# Happy birthday Darwin!!!



## Mr2dude (Apr 24, 2014)

So today is my columbian tegu's 1rst birthday. I decided I would join the forum as celebration. I've been lurking in the shadows for a while lol. So my Darwin was 2 months old when I got him and he was almost at the 6 inch mark. He is now almost 3 feet long and still growing!!! When I got Darwin the pet shop warned me that these are aggressive and recommended a bts or beardie instead. I've heard this a lot about this species, but I don't understand why they have the bad rep... He's more tame than my cats!!!


----------



## Josh (Apr 24, 2014)

Woo hooo Darwin! Congrats on 1 yr and welcome to the TeguTalk forum! Glad you've finally decided to join us!  
Would love to see some more photos of Darwin in our media gallery as well!


----------



## nessanicolle (Jul 8, 2014)

Adorable. I miss my Columbian!


----------



## zfro (Jul 8, 2014)

I'm so glad to hear that you have cats with him. How long did it take for them to get used to each other ?


----------



## Mr2dude (Jul 9, 2014)

zfro said:


> I'm so glad to hear that you have cats with him. How long did it take for them to get used to each other ?
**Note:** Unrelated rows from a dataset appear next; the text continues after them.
lemma nyldon_append:
  assumes "nyldon p" "nyldon q" "q < p"
    and le_q: "\<And>t. proper_suffix t p \<Longrightarrow> nyldon t \<Longrightarrow> t \<le> q"
  shows "nyldon (p @ q) \<and> is_longest_nyldon_proper_suffix q (p @ q)"
proof -
  have short: "length t \<le> length q" if "proper_suffix t (p @ q)" "nyldon t" for t
    using length_nyldon_proper_suffix_of_append_le[OF \<open>nyldon q\<close> le_q that] .
  have "p \<noteq> []"
    using \<open>nyldon p\<close> nyldon_not_Nil by blast
  have "nyldon (p @ q)"
    unfolding nyldon_iff_factorizations_short
  proof (intro conjI allI impI)
    show "p @ q \<noteq> []"
      using \<open>p \<noteq> []\<close> by simp
    fix gs assume fact: "nyldon_factorization gs (p @ q)"
    show "length gs < 2"
    proof (rule ccontr)
      assume "\<not> length gs < 2"
      then obtain hs l where gs: "gs = hs @ [l]" "hs \<noteq> []"
        by (cases gs rule: rev_cases) auto
      have fact_hs: "nyldon_factorization hs (concat hs)" and "nyldon l"
        and pq: "p @ q = concat hs @ l"
        using fact gs by (auto simp: nyldon_factorization_def sorted_append)
      have "length q \<le> length l"
        using nyldon_suffix_le_last_factor fact gs \<open>nyldon q\<close> by blast
      moreover have "concat hs \<noteq> []"
        using fact_hs \<open>hs \<noteq> []\<close> nyldon_factorization_Nil_iff by blast
      then have "length l \<le> length q"
        using short \<open>nyldon l\<close> pq by (auto simp: proper_suffix_def)
      ultimately have "l = q" "concat hs = p"
        using pq by (auto simp: append_eq_append_conv)
      then have "hs = [p]"
        using nyldon_factorization_of_nyldon[OF \<open>nyldon p\<close>] fact_hs by simp
      with fact gs \<open>l = q\<close> have "p \<le> q"
        by (simp add: nyldon_factorization_def)
      with \<open>q < p\<close> show False
        by simp
    qed
  qed
  moreover have "is_longest_nyldon_proper_suffix q (p @ q)"
    using \<open>p \<noteq> []\<close> \<open>nyldon q\<close> short
    by (auto simp: is_longest_nyldon_proper_suffix_def proper_suffix_def)
  ultimately show ?thesis ..
qed

lemma nyldon_singleton: "nyldon [x]"
  by (subst nyldon.simps) simp

lemma proper_suffix_singleton_iff: "proper_suffix t [x] \<longleftrightarrow> t = []"
  by (auto simp: proper_suffix_def Cons_eq_append_conv)

lemma fibw_Suc: "fibw (Suc k) = a # H (Suc k)"
proof -
  have "\<exists>r. fibw (Suc k) = a # r"
    by (induction k) auto
  then show ?thesis
    by (auto simp: H_def)
qed

lemma H_Suc_Suc_Suc: "H (Suc (Suc (Suc k))) = H (Suc (Suc k)) @ a # H (Suc k)"
proof -
  have "H (Suc (Suc (Suc k))) = drop 1 (fibw (Suc (Suc k)) @ fibw (Suc k))"
    by (simp add: H_def)
  also have "\<dots> = H (Suc (Suc k)) @ a # H (Suc k)"
    by (simp only: fibw_Suc) simp
  finally show ?thesis .
qed

lemma H_snoc_a_le: "H (Suc k) @ [a] \<le> H (Suc (Suc k))"
proof (cases k)
  case 0
  then show ?thesis
    by (simp add: H_def less_letter_def letter_less_def)
next
  case (Suc j)
  then show ?thesis
    using list_le_append_right[of "H (Suc (Suc j)) @ [a]" "H (Suc j)"] by (simp add: H_Suc_Suc_Suc)
qed

lemma nyldon_ba: "nyldon [b, a] \<and> is_longest_nyldon_proper_suffix [a] [b, a]"
  using nyldon_append[of "[b]" "[a]"]
  by (auto simp: nyldon_singleton less_letter_def letter_less_def proper_suffix_singleton_iff
      dest: nyldon_not_Nil)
They actually don't interact... We had Darwin escape once and found him in the bathroom cornered by the cats, whipping at them. Thank god he wasn't hurt or anything. I think the cats were just curious, but I wouldn't want to chance it.


----------



## Mr2dude (Jul 9, 2014)

It's kinda crazy... He's grown another 3" since his birthday and is now 3' 4"...


----------



## zfro (Jul 10, 2014)

That's how my cats are with him they are pretty curious but don't really touch him. One of my cats his at another cat because they were getting close to my tegu (vader)


----------